▶ _Task to complete_
Count every line in the following entries where the word "imports" appears. Give the count alone.

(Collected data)

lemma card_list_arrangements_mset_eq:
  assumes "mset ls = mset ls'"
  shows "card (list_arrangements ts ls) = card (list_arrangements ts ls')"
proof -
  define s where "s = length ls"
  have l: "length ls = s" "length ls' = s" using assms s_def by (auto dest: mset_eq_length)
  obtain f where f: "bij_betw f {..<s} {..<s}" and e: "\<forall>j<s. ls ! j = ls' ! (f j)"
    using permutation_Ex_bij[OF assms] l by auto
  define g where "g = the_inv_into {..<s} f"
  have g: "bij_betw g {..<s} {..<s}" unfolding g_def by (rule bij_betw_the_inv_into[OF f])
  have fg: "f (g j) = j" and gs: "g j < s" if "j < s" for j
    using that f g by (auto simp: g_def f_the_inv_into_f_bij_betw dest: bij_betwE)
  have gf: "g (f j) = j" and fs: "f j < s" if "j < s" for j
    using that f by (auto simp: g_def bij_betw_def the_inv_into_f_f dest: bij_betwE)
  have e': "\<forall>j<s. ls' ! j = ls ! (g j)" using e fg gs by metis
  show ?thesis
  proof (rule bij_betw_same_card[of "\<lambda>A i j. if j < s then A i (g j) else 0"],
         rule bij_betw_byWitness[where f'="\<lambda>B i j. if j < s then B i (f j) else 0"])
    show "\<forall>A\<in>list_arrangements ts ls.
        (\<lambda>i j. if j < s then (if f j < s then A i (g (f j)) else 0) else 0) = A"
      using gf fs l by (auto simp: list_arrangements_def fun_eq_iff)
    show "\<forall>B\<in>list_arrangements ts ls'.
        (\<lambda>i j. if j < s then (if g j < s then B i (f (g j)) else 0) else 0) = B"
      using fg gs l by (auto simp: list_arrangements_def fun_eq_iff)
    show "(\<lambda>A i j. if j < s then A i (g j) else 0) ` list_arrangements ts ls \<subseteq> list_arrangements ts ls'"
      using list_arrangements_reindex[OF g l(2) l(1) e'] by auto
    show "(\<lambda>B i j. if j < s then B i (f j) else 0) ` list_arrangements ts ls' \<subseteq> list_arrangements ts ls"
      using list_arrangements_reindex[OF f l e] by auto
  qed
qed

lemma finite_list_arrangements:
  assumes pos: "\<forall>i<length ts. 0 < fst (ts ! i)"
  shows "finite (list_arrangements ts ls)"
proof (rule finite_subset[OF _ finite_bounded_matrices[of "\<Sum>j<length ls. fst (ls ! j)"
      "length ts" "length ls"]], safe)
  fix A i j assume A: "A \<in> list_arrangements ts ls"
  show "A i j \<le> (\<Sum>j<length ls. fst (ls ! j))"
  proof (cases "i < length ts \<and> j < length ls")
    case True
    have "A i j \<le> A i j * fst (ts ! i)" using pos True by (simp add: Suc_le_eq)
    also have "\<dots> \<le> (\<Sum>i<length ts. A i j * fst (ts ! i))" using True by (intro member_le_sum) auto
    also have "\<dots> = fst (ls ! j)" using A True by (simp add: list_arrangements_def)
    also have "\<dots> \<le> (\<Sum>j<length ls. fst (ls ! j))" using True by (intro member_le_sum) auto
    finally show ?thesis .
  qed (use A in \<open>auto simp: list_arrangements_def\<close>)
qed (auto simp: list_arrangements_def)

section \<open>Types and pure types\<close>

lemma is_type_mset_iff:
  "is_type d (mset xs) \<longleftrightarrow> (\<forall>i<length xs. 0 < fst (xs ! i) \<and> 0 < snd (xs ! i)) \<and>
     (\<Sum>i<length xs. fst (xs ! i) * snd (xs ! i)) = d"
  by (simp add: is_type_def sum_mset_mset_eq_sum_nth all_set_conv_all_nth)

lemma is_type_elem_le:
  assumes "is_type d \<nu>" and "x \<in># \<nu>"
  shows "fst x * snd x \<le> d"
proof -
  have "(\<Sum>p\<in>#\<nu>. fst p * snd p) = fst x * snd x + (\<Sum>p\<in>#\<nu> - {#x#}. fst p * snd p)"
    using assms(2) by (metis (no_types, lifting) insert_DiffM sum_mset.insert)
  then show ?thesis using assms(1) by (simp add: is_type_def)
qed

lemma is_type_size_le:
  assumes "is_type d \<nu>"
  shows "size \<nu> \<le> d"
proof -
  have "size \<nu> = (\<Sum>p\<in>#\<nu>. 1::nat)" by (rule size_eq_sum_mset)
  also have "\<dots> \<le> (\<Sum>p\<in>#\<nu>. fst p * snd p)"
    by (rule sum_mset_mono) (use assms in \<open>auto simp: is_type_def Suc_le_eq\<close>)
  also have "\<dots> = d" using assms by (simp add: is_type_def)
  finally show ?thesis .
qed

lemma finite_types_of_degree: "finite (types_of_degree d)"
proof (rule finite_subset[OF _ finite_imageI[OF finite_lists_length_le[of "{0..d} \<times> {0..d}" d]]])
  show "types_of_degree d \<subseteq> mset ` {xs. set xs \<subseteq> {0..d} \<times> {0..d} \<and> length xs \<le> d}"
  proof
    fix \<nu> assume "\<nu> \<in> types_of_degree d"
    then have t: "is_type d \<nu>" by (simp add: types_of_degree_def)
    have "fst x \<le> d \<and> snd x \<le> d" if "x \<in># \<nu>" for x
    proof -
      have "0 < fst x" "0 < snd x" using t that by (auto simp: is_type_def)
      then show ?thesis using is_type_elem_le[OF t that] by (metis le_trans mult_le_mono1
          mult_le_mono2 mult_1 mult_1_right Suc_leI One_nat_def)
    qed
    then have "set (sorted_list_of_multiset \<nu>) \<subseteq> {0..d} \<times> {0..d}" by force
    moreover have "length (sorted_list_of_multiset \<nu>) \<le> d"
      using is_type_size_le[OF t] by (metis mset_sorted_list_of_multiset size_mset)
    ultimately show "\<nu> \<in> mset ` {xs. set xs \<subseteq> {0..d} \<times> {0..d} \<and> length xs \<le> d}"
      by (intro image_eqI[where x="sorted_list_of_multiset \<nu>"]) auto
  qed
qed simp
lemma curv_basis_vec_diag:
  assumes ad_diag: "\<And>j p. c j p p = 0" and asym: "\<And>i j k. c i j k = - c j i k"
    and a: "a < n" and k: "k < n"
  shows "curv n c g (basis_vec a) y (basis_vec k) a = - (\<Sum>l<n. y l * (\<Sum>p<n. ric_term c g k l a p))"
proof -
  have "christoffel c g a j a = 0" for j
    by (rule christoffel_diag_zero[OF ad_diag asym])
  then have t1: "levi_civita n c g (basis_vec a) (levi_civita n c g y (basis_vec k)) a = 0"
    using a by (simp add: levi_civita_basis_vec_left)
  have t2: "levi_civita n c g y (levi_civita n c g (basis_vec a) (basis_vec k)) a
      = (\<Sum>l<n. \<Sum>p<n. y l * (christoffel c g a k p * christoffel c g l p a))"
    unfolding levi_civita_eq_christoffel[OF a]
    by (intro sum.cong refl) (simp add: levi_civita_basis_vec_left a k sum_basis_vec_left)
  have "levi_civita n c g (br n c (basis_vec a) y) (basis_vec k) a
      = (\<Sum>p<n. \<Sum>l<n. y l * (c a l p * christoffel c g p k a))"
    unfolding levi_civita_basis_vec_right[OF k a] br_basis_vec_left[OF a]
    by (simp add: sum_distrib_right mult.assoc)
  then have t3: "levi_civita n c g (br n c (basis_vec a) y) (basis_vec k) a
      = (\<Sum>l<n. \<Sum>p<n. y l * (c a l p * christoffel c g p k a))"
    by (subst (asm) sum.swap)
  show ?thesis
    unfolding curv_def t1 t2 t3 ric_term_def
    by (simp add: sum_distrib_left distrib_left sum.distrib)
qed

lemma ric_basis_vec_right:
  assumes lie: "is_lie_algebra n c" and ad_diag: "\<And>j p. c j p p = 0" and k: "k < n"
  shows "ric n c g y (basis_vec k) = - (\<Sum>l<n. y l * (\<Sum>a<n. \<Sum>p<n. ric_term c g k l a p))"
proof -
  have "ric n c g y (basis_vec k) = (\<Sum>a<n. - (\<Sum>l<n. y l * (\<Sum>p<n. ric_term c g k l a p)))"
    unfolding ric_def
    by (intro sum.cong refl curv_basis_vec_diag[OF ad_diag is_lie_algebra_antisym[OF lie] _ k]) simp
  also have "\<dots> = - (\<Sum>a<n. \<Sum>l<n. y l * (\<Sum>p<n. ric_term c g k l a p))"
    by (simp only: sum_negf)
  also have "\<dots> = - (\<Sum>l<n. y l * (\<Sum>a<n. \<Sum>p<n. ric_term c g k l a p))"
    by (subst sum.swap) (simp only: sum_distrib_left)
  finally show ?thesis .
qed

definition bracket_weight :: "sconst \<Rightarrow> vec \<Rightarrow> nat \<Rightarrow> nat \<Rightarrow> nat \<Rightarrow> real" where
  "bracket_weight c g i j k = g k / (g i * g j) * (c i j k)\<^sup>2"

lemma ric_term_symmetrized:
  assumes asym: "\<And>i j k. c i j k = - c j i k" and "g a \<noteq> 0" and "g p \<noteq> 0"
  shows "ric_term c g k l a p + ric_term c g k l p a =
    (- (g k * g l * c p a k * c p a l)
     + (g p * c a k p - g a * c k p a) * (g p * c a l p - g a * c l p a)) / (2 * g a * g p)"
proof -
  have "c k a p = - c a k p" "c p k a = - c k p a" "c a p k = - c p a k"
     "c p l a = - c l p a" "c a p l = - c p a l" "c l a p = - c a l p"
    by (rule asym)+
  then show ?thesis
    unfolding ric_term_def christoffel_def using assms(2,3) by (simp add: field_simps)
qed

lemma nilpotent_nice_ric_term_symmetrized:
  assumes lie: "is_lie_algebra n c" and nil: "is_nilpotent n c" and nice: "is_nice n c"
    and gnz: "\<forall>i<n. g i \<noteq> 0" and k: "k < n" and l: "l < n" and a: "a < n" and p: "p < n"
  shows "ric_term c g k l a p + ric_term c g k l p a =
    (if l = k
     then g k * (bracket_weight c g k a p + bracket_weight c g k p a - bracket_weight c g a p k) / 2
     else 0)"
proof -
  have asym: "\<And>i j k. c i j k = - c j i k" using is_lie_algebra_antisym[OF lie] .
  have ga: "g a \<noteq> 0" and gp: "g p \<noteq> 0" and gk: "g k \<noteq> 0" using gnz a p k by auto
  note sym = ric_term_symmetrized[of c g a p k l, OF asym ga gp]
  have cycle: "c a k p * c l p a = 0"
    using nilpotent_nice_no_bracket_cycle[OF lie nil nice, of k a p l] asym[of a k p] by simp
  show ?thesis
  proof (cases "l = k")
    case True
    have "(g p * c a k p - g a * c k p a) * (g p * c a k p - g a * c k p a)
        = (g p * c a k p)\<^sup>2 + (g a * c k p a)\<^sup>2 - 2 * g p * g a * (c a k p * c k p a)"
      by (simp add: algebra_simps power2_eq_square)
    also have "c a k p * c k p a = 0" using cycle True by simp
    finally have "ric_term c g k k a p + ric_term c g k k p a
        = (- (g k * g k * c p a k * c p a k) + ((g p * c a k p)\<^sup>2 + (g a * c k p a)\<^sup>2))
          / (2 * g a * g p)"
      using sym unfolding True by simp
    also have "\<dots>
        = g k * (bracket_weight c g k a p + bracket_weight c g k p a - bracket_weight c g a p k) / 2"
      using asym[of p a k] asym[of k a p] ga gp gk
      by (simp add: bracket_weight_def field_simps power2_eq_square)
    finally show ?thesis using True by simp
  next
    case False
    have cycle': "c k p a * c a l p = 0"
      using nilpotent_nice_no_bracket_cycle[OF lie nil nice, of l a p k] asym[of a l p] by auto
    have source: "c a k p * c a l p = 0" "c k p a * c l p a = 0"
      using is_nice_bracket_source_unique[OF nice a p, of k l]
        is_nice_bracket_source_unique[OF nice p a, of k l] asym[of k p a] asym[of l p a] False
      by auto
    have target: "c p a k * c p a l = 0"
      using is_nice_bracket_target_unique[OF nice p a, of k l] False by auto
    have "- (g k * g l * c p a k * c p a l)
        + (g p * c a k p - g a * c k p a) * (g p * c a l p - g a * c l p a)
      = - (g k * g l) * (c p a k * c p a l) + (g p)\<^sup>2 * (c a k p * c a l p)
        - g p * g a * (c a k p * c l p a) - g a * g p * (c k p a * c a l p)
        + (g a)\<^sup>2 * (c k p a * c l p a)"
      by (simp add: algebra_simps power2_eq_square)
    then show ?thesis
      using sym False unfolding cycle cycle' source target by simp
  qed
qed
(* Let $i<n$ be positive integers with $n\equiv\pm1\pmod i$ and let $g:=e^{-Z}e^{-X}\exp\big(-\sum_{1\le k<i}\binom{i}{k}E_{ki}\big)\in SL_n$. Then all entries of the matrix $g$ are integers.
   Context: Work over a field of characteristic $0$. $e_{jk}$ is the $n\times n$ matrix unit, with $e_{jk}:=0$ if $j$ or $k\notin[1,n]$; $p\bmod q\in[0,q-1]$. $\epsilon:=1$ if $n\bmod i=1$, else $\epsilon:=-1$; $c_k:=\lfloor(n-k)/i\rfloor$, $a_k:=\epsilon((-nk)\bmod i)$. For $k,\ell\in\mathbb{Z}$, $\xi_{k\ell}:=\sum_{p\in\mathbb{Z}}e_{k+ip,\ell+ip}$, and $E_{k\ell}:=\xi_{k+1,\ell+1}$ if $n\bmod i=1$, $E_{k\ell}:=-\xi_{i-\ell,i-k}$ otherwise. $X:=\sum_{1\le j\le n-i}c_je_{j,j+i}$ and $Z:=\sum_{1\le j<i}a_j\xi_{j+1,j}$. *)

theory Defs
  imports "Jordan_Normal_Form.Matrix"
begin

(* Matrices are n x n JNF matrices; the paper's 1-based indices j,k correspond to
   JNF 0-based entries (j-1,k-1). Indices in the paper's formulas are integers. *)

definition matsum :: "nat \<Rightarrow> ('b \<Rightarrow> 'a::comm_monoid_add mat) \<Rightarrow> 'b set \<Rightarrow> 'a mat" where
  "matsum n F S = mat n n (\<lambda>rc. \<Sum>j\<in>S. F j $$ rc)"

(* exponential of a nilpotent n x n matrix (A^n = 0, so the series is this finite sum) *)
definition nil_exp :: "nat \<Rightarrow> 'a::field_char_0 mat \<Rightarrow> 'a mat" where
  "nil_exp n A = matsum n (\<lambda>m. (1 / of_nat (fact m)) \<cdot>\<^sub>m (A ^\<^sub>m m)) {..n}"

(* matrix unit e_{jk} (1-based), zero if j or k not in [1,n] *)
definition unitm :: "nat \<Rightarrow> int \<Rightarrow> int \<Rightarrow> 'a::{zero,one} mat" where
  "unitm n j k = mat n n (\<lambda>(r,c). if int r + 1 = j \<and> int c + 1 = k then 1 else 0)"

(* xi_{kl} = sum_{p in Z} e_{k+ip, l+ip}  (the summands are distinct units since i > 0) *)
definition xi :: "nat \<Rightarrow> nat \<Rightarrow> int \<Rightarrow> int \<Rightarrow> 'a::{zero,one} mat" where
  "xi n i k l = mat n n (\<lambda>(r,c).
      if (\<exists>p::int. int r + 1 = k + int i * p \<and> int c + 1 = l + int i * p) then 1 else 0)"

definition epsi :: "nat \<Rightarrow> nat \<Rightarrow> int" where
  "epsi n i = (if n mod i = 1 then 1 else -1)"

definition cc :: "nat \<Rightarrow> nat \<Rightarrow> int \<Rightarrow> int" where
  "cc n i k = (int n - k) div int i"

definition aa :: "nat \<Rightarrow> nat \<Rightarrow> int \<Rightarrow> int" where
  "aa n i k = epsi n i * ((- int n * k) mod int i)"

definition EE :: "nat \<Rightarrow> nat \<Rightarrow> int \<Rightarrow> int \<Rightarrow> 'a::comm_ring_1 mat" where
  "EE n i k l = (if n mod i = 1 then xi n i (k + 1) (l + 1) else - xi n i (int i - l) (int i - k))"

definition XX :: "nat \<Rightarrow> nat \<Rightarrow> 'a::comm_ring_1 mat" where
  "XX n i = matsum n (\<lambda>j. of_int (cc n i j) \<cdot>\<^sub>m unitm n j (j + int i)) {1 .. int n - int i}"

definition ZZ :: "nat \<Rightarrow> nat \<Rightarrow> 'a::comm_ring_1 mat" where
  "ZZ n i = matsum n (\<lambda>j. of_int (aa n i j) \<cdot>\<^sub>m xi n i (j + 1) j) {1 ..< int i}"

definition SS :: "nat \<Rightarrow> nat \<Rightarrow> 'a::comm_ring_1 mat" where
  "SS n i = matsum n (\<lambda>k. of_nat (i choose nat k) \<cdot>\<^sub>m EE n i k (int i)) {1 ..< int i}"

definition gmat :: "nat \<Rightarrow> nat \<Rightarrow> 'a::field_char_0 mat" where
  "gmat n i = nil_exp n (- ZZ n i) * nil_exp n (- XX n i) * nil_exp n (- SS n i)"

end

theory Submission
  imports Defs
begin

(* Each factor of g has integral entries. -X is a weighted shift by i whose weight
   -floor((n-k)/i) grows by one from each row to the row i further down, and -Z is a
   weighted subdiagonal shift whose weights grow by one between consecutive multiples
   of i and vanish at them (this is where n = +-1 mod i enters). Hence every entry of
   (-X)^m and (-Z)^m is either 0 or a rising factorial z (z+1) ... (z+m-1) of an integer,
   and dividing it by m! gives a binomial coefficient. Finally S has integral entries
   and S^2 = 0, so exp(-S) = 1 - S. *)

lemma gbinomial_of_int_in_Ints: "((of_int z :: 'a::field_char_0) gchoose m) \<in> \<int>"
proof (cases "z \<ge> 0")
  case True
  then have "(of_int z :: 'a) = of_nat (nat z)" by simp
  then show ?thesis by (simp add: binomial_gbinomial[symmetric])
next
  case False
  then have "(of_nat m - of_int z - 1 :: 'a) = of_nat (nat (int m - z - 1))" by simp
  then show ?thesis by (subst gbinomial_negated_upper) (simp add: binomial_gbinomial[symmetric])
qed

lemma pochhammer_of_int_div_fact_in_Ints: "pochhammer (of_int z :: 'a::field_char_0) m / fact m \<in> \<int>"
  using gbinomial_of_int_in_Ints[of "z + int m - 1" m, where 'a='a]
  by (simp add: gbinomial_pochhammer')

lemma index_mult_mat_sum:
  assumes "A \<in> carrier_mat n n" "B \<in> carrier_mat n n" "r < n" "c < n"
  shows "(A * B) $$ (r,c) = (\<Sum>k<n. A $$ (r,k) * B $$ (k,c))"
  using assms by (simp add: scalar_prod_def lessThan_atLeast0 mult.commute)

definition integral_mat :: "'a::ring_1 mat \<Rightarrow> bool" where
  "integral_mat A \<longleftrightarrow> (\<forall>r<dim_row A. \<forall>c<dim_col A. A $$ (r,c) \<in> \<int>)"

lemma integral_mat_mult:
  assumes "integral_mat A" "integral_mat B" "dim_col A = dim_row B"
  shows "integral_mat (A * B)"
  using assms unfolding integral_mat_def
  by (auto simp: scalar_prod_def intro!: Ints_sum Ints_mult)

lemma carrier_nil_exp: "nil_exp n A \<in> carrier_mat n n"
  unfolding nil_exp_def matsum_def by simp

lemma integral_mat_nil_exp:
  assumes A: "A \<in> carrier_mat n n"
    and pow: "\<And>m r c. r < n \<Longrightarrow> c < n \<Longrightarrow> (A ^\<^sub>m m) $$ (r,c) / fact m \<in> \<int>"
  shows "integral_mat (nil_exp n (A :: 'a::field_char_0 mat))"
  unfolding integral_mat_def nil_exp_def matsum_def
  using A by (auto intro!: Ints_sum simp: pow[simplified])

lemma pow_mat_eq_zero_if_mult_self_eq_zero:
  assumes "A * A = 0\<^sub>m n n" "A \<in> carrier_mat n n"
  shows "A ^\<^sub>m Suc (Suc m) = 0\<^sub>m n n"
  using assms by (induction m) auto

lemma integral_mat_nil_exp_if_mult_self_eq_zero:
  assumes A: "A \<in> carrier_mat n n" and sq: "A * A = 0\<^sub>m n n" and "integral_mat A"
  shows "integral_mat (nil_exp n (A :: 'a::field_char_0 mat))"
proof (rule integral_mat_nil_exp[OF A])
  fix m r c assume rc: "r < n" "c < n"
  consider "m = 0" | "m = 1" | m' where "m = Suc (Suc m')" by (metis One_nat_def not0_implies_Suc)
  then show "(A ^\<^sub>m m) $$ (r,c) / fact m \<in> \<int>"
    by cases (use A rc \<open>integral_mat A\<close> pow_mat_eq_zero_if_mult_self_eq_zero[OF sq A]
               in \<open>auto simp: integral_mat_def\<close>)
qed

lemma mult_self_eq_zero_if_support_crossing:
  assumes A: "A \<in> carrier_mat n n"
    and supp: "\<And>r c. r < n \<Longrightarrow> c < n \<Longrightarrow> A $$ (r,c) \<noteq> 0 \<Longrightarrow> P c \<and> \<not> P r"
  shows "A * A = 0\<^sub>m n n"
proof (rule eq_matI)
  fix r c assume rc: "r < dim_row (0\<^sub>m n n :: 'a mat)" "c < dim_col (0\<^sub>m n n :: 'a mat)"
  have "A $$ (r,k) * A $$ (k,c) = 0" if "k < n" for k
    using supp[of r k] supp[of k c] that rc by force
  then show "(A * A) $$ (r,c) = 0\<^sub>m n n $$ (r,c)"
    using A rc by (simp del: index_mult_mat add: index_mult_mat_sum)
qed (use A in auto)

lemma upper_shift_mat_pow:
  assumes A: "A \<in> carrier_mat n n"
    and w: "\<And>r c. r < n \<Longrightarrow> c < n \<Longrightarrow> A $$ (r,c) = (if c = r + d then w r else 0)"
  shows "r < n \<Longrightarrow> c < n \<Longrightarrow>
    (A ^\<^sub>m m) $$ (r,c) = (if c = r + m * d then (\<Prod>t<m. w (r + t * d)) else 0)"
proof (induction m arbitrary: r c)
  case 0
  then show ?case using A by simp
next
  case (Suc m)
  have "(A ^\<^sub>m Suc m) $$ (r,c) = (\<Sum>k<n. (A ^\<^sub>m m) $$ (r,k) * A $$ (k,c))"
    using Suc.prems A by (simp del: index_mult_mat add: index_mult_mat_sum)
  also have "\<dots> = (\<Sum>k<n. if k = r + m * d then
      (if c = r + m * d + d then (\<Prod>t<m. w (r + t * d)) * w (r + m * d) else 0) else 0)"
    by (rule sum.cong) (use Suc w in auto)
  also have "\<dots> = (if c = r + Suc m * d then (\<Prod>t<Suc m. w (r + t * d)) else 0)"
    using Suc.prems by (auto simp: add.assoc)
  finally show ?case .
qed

▶ _Result below_
2